Two company directors provided joint and several personal guarantees for up to US$5 million. As an incentive, GreenPower agreed to issue 2,016,129 non-transferable share purchase warrants with an exercise price of US$1.24 per share for 36 months and 403,225 common shares to one of the guarantors. These issuances are treated as related party transactions under MI 61-101 but rely on available exemptions, and all securities will be subject to a four-month-plus-one-day hold period.
GreenPower Motor Company Inc. reported that it has been awarded a strategic incentive package totaling $14.6 million from the State of New Mexico to support a new electric-vehicle manufacturing facility in Santa Teresa. The package includes a $5 million LEDA award, $4.6 million in job training incentive funds, $1.36 million in Rural Jobs Tax Credit and $3.65 million under the High-Wage Jobs Tax Credit program. GreenPower plans to open the plant in New Mexico, citing the state's EV ecosystem, Foreign Trade Zone designation and these incentives as key reasons, and the facility is expected to create 340 permanent jobs in Santa Teresa over the next decade. The company anticipates beginning operations at the facility in Q1 2026 and taking possession of the plant on June 1, 2026.
GreenPower Motor Company Inc. filed a Form 6-K as a foreign private issuer for January 2026. The company notes that Exhibit 99.1 submitted with this report is incorporated by reference into its existing shelf registration statement on Form F-3 (No. 333-276209) and its equity compensation registration statement on Form S-8 (No. 333-261422). This means the information in Exhibit 99.1 is now legally part of those registration statements for securities law purposes.
GreenPower Motor Company Inc. filed a Form 6-K highlighting an agreement with the New Mexico Economic Development Department to establish a new advanced electric vehicle manufacturing facility in Santa Teresa, New Mexico. The 135,000 sq. ft. site will serve as GreenPower’s base for North American operations and its U.S. corporate headquarters.
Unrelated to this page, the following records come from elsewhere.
(* Let $G$ be a finite simple graph with a clique vertex-partition $\Pi$, and let $t\ge 2$ be an integer. Then $\mathrm{CF}_t(G(\Pi,t))$ is $(t-2)$-decomposable. Consequently, $\mathrm{CF}_t(G(\Pi,t))$ is shellable.
   Context: A clique vertex-partition of $G$ is a collection $\Pi=\{W_1,\dots,W_p\}$ of pairwise disjoint (possibly empty) vertex sets each inducing a clique, whose union is $V(G)$. The $t$-clique whiskering $G(\Pi,t)$ is obtained from $G$ by adding, for each $i$, $t-1$ new distinct vertices $x_{i,1},\dots,x_{i,t-1}$ and making $W_i\cup\{x_{i,1},\dots,x_{i,t-1}\}$ a clique; no other edges are added. $\mathrm{CF}_t(\cdot)$ is the simplicial complex on the vertex set whose faces are the vertex subsets inducing no $t$-clique. For a simplicial complex $\Delta$ on $V$ and face $F$: $\operatorname{link}_\Delta(F)=\{F':F'\cap F=\emptyset,F'\cup F\in\Delta\}$, $\Delta\setminus F=\{H\in\Delta:H\cap F=\emptyset\}$, $\dim F=|F|-1$. A face $\sigma$ is a shedding face if for every $\tau\in\Delta$ with $\sigma\subseteq\tau$ and every $v\in\sigma$ there is $w\in V\setminus\tau$ with $(\tau\cup\{w\})\setminus\{v\}\in\Delta$. $\Delta$ is $k$-decomposable if it is a simplex (including $\emptyset$, $\{\emptyset\}$) or has a shedding face $\sigma$ with $\dim\sigma\le k$ such that $\Delta\setminus\sigma$ and $\operatorname{link}_\Delta(\sigma)$ are $k$-decomposable. $\Delta$ is shellable if its facets admit an order $F_1,\dots,F_s$ such that for all $i<j$ there exist $v\in F_j\setminus F_i$ and $\ell<j$ with $F_j\setminus F_\ell=\{v\}$. *)

theory Defs
  imports Main
begin

definition simple_graph :: "'a set \<Rightarrow> ('a \<Rightarrow> 'a \<Rightarrow> bool) \<Rightarrow> bool" where
  "simple_graph V E \<longleftrightarrow> finite V \<and> (\<forall>u v. E u v \<longrightarrow> u \<in> V \<and> v \<in> V)
     \<and> (\<forall>u v. E u v \<longrightarrow> E v u) \<and> (\<forall>u. \<not> E u u)"

definition is_clique :: "'a set \<Rightarrow> ('a \<Rightarrow> 'a \<Rightarrow> bool) \<Rightarrow> 'a set \<Rightarrow> bool" where
  "is_clique V E W \<longleftrightarrow> W \<subseteq> V \<and> (\<forall>u\<in>W. \<forall>v\<in>W. u \<noteq> v \<longrightarrow> E u v)"

text \<open>A clique vertex-partition \<open>\<Pi> = {W_1,...,W_p}\<close>, given as the list [W_1,...,W_p]
  (so that empty or repeated empty blocks are allowed and indexed).\<close>
definition clique_vertex_partition ::
  "'a set \<Rightarrow> ('a \<Rightarrow> 'a \<Rightarrow> bool) \<Rightarrow> 'a set list \<Rightarrow> bool" where
  "clique_vertex_partition V E \<Pi> \<longleftrightarrow>
     (\<forall>i < length \<Pi>. is_clique V E (\<Pi> ! i))
     \<and> (\<forall>i < length \<Pi>. \<forall>j < length \<Pi>. i \<noteq> j \<longrightarrow> \<Pi> ! i \<inter> \<Pi> ! j = {})
     \<and> \<Union> (set \<Pi>) = V"

text \<open>The t-clique whiskering G(\<Pi>,t): old vertices are \<open>Inl v\<close>, the new vertex
  x_{i,j} (i-th block, j = 1..t-1) is \<open>Inr (i, j)\<close>.\<close>
definition whisk_V :: "'a set \<Rightarrow> 'a set list \<Rightarrow> nat \<Rightarrow> ('a + nat \<times> nat) set" where
  "whisk_V V \<Pi> t = Inl ` V \<union> {Inr (i, j) | i j. i < length \<Pi> \<and> 1 \<le> j \<and> j \<le> t - 1}"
The project is estimated to create more than 340 jobs and generate over $200 million in economic impact for New Mexico over the next decade. To support the investment, the company is slated to receive a $5 million LEDA award, $4.6 million in Job Training Incentive Program funds, a $1.36 million Rural Jobs Tax Credit and $3.65 million under the state’s High-Wage Jobs Tax Credit program.
State leaders emphasize that the facility and related incentives align with New Mexico’s clean energy and net-zero emission goals, while GreenPower plans to supply a range of all-electric, zero-emission commercial vehicles and school buses from this new hub.
GreenPower Motor Company Inc. filed a Form 6-K as a foreign private issuer for November 2025. The filing submits Exhibit 99.1 and makes it part of the company’s existing registration statements on Form F-3 (No. 333-276209) and Form S-8 (No. 333-261422) by incorporation by reference from the date of this report. The report is signed on behalf of the company by Chief Financial Officer Michael Sieffert.
GreenPower Motor Company Inc. (GP) launched a primary offering of 754 Series A Convertible Preferred Shares at $950 each for gross proceeds of $716,300. This prospectus supplement also covers up to 523,611 common shares issuable upon conversion of those preferred shares.
The preferred shares carry a 9% per annum dividend (payable in shares under certain conditions) and are convertible at a price set at 125% of the prior-day close; as of the date here, the Conversion Price is $1.975 with a 4.99% beneficial ownership cap. The company estimates ~$650,000 in net proceeds, earmarked for all‑electric vehicle production, working capital, and general corporate purposes. GreenPower may redeem all preferred at 125% of the greater of the Conversion Amount or a market-based formula, and must redeem upon certain triggering events. Digital Offering LLC acted as placement agent (5% fee).